I want to end this post on a couple of more positive and personal notes.

First, the decade I spent with Zango was the best of my entire life. I'll always be grateful for that day in 1999 when Keith called me in a panic because his new website was down. I learned more, grew more, worked with better people, and had more fun than in anything else I've ever done. Yes, parts of it were frustrating, but even our defeats were instructive, and some of them were glorious.
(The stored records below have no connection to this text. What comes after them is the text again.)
definition dist_a :: "'a measure \<Rightarrow> (nat \<Rightarrow> 'a set) \<Rightarrow> 'a mpt \<Rightarrow> 'a mpt \<Rightarrow> real" where
  "dist_a M A P Q = (\<Sum>i. \<Sum>j. (1/2)^(i+j) *
     \<bar>measure M (mpt_img M P (A i) \<inter> A j) - measure M (mpt_img M Q (A i) \<inter> A j)\<bar>)"

text \<open>The group G is written additively (not necessarily commutative).\<close>
definition generates_group :: "'g::group_add set \<Rightarrow> bool" where
  "generates_group S \<longleftrightarrow> (\<forall>H. 0 \<in> H \<and> (\<forall>x\<in>H. \<forall>y\<in>H. x + y \<in> H) \<and> (\<forall>x\<in>H. - x \<in> H)
      \<and> S \<subseteq> H \<longrightarrow> H = UNIV)"

definition is_action :: "'a measure \<Rightarrow> ('g::topological_group_add \<Rightarrow> 'a mpt) \<Rightarrow> bool" where
  "is_action M T \<longleftrightarrow> (\<forall>g. is_mpt M (T g)) \<and>
     (\<forall>g h. mpt_eq M (mpt_comp (T g) (T h)) (T (g + h))) \<and>
     (\<forall>A\<in>sets M. \<forall>B\<in>sets M. continuous_on UNIV (\<lambda>g. measure M (mpt_img M (T g) A \<inter> B)))"

definition is_mixing :: "'a measure \<Rightarrow> 'g::topological_group_add set \<Rightarrow> ('g \<Rightarrow> 'a mpt) \<Rightarrow> bool" where
  "is_mixing M \<Gamma> T \<longleftrightarrow> (\<forall>A\<in>sets M. \<forall>B\<in>sets M. \<forall>\<epsilon>>0. \<exists>C. compact C \<and>
     (\<forall>g\<in>\<Gamma> - C. \<bar>measure M (mpt_img M (T g) A \<inter> B) - measure M A * measure M B\<bar> < \<epsilon>))"

definition mixing_actions :: "'a measure \<Rightarrow> 'g::topological_group_add set \<Rightarrow> ('g \<Rightarrow> 'a mpt) set" where
  "mixing_actions M \<Gamma> = {T. is_action M T \<and> is_mixing M \<Gamma> T}"

text \<open>d_G, with the compact family K indexed by an at most countable index set I.\<close>
definition dist_dG :: "'a measure \<Rightarrow> (nat \<Rightarrow> 'a set) \<Rightarrow> (nat \<Rightarrow> 'g set) \<Rightarrow> nat set
    \<Rightarrow> ('g \<Rightarrow> 'a mpt) \<Rightarrow> ('g \<Rightarrow> 'a mpt) \<Rightarrow> real" where
  "dist_dG M A K I T S = (\<Sum>i. if i \<in> I then (1/2)^i * (SUP g\<in>K i. dist_d M A (T g) (S g)) else 0)"

definition dist_m :: "'a measure \<Rightarrow> (nat \<Rightarrow> 'a set) \<Rightarrow> (nat \<Rightarrow> 'g set) \<Rightarrow> nat set \<Rightarrow> 'g set
    \<Rightarrow> ('g \<Rightarrow> 'a mpt) \<Rightarrow> ('g \<Rightarrow> 'a mpt) \<Rightarrow> real" where
  "dist_m M A K I \<Gamma> T S = dist_dG M A K I T S + (SUP g\<in>\<Gamma>. dist_a M A (T g) (S g))"

end

theory Submission
  imports Defs
begin

text \<open>The group is generated by countably many compacta, hence \<sigma>-compact, and being first
  countable it is second countable; fix a countable basis. Given \<open>N\<close> and a finite set \<open>F\<close> of
  tuples \<open>(B, n, j, j')\<close> with \<open>B\<close> a basic open set, consider the cell of mixing actions \<open>T\<close>
  such that \<open>A j\<close> and \<open>A j'\<close> approximate \<open>T\<^sup>h (A n)\<close> and \<open>T\<^sup>-\<^sup>h (A n)\<close> within \<open>2\<^sup>-\<^sup>N\<close> for all
  \<open>h \<in> B\<close>, the sets \<open>B\<close> cover every \<open>K i\<close> with \<open>i \<le> N\<close>, and off this cover
  \<open>\<mu> (T\<^sup>g (A n) \<inter> A m)\<close> is within \<open>2\<^sup>-\<^sup>N\<close> of \<open>\<mu> (A n) \<mu> (A m)\<close> for \<open>n, m \<le> N\<close>. Two actions in one
  cell are \<open>O(2\<^sup>-\<^sup>N)\<close>-close in the leash metric: on the cover both are close to the same recorded
  sets, off it both are close to independence. By continuity of the action, compactness and
  mixing, every mixing action lies in some cell. There are only countably many cells, so one
  action from each nonempty cell gives a countable dense set.\<close>

section \<open>Compactly generated groups are second countable\<close>

lemma open_translation_group:
  fixes a :: "'g::topological_group_add"
  assumes "open U"
  shows "open ((+) a ` U)"
proof -
  have "(+) a ` U = (\<lambda>x. - a + x) -` U"
    by (force simp: add.assoc[symmetric])
  moreover have "open ((\<lambda>x. - a + x) -` U)"
    by (intro open_vimage assms continuous_intros)
  ultimately show ?thesis
    by simp
qed

lemma small_translates_subset:
  fixes U :: "nat \<Rightarrow> 'g::topological_group_add set"
  assumes U: "\<And>S. open S \<Longrightarrow> 0 \<in> S \<Longrightarrow> \<exists>n. U n \<subseteq> S" and "open V" "g \<in> V"
  shows "\<exists>n. \<forall>x. g \<in> (+) x ` U n \<longrightarrow> (+) x ` U n \<subseteq> V"
proof -
  \<comment> \<open>\<open>\<phi> (u, v) = x + v\<close> whenever \<open>g = x + u\<close>\<close>
  define \<phi> where "\<phi> = (\<lambda>p::'g \<times> 'g. g + (- fst p + snd p))"
  have "open (\<phi> -` V)"
    unfolding \<phi>_def by (intro open_vimage assms continuous_intros)
  moreover have "(0, 0) \<in> \<phi> -` V"
    using assms by (simp add: \<phi>_def)
  ultimately obtain S1 S2 where S: "open S1" "open S2" "(0, 0) \<in> S1 \<times> S2" "S1 \<times> S2 \<subseteq> \<phi> -` V"
    by (rule open_prod_elim)
  then obtain n where n: "U n \<subseteq> S1 \<inter> S2"
    using U[of "S1 \<inter> S2"] by auto
  have "(+) x ` U n \<subseteq> V" if gx: "g \<in> (+) x ` U n" for x
  proof
    fix y assume "y \<in> (+) x ` U n"
    then obtain u v where "u \<in> U n" "v \<in> U n" "g = x + u" "y = x + v"
      using gx by auto
    moreover from this have "\<phi> (u, v) \<in> V"
      using n S(4) by auto
    ultimately show "y \<in> V"
      by (simp add: \<phi>_def add.assoc)
  qed
  then show ?thesis by blast
qed

lemma countable_basis_if_sigma_compact:
  fixes W :: "nat \<Rightarrow> 'g::{topological_group_add, first_countable_topology} set"
  assumes W: "\<And>k. compact (W k)" "(\<Union>k. W k) = UNIV"
  shows "\<exists>\<B> :: 'g set set. countable \<B> \<and> topological_basis \<B>"
proof -
  obtain U :: "nat \<Rightarrow> 'g set" where U: "\<And>n. 0 \<in> U n \<and> open (U n)"
    and U_small: "\<And>S. open S \<Longrightarrow> 0 \<in> S \<Longrightarrow> \<exists>n. U n \<subseteq> S"
    using first_countable_basis[of "0::'g"] by metis
  have "\<exists>F. finite F \<and> W k \<subseteq> (\<Union>x\<in>F. (+) x ` U n)" for k n
  proof -
    have "y \<in> (+) y ` U n" for y
    proof -
      have "y = y + 0" by simp
      then show ?thesis using U by blast
    qed
    then have cover: "W k \<subseteq> (\<Union>x\<in>W k. (+) x ` U n)"
      by blast
    have "open ((+) x ` U n)" for x
      using U by (simp add: open_translation_group)
    then obtain F where "F \<subseteq> W k" "finite F" "W k \<subseteq> (\<Union>x\<in>F. (+) x ` U n)"
      using cover by (rule compactE_image[OF W(1)])
    then show ?thesis
      by blast
  qed
  then obtain F where F: "\<And>k n. finite (F k n) \<and> W k \<subseteq> (\<Union>x\<in>F k n. (+) x ` U n)"
    by metis
  define \<B> where "\<B> = (\<lambda>(k, n, x). (+) x ` U n) ` (SIGMA k:UNIV. SIGMA n:UNIV. F k n)"
  have "countable \<B>"
    unfolding \<B>_def using F by (intro countable_image countable_SIGMA) (auto intro: countable_finite)
  moreover have "topological_basis \<B>"
  proof (rule topological_basis_iff[THEN iffD2])
    show "open B" if "B \<in> \<B>" for B
    proof -
      from that obtain n x where "B = (+) x ` U n"
        unfolding \<B>_def by auto
      then show ?thesis
        using U by (simp add: open_translation_group)
    qed
    show "\<forall>V. open V \<longrightarrow> (\<forall>g\<in>V. \<exists>B\<in>\<B>. g \<in> B \<and> B \<subseteq> V)"
    proof (intro allI impI ballI)
      fix V :: "'g set" and g assume "open V" "g \<in> V"
      then obtain n where n: "\<And>x. g \<in> (+) x ` U n \<Longrightarrow> (+) x ` U n \<subseteq> V"
        using small_translates_subset[OF U_small] by meson
      obtain k where "g \<in> W k"
        using W(2) by auto
      then obtain x where x: "x \<in> F k n" "g \<in> (+) x ` U n"
        using F by blast
      have "(+) x ` U n \<in> \<B>"
        unfolding \<B>_def by (rule image_eqI[where x = "(k, n, x)"]) (use x in auto)
      then show "\<exists>B\<in>\<B>. g \<in> B \<and> B \<subseteq> V"
        using n x(2) by blast
    qed
  qed
  ultimately show ?thesis
    by blast
qed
Second, I want to say that it was a privilege beyond my expectations to have spent so much time in Tel Aviv, working with that strangely obstreperous and beautiful animal, the modern Israeli. To everyone from Hotbar and SmartShopper, I'm very sorry that things wound up the way they did. Even though I was no longer with Zango when it was announced, it was a blow to me that we had to close our Tel Aviv office. I hope that everyone lands quickly on their feet; and I continue to hope that my connections with Israel are not yet at a close.

And finally, and again, I can't say enough good about the people at Zango. Doug, Jeff, Val, Bill, Cris, Murph, Madhuri, Galina, Danny, Benoit, Moti, Meir, Nick, Willie, Lance, Jesse, Rob, Robert, Rich, Andrew, Yuval, Tommy, Heather, Ayelet, Rinat . . . and many, many more. I'm proud to have worked with you and honored to have served next to you. And if it's ever possible, I'd like to do so again.

Sunday, April 19, 2009

What Zango Got Wrong

When the six original Zango founders gathered at the Centralia McMenamins pub in July 1999, we really had no idea what we were getting into. None of us besides Keith had ever started a company before: all we knew is that everyone around us was starting one, and we had to be in on the goldrush. Our original idea – "pay people to surf the Internet" – was laughable in hindsight, but back in 1999, even the stupidest ideas made a certain kind of sense. And even in that silly idea there was the germ of something that still has the potential to make someone a lot of money.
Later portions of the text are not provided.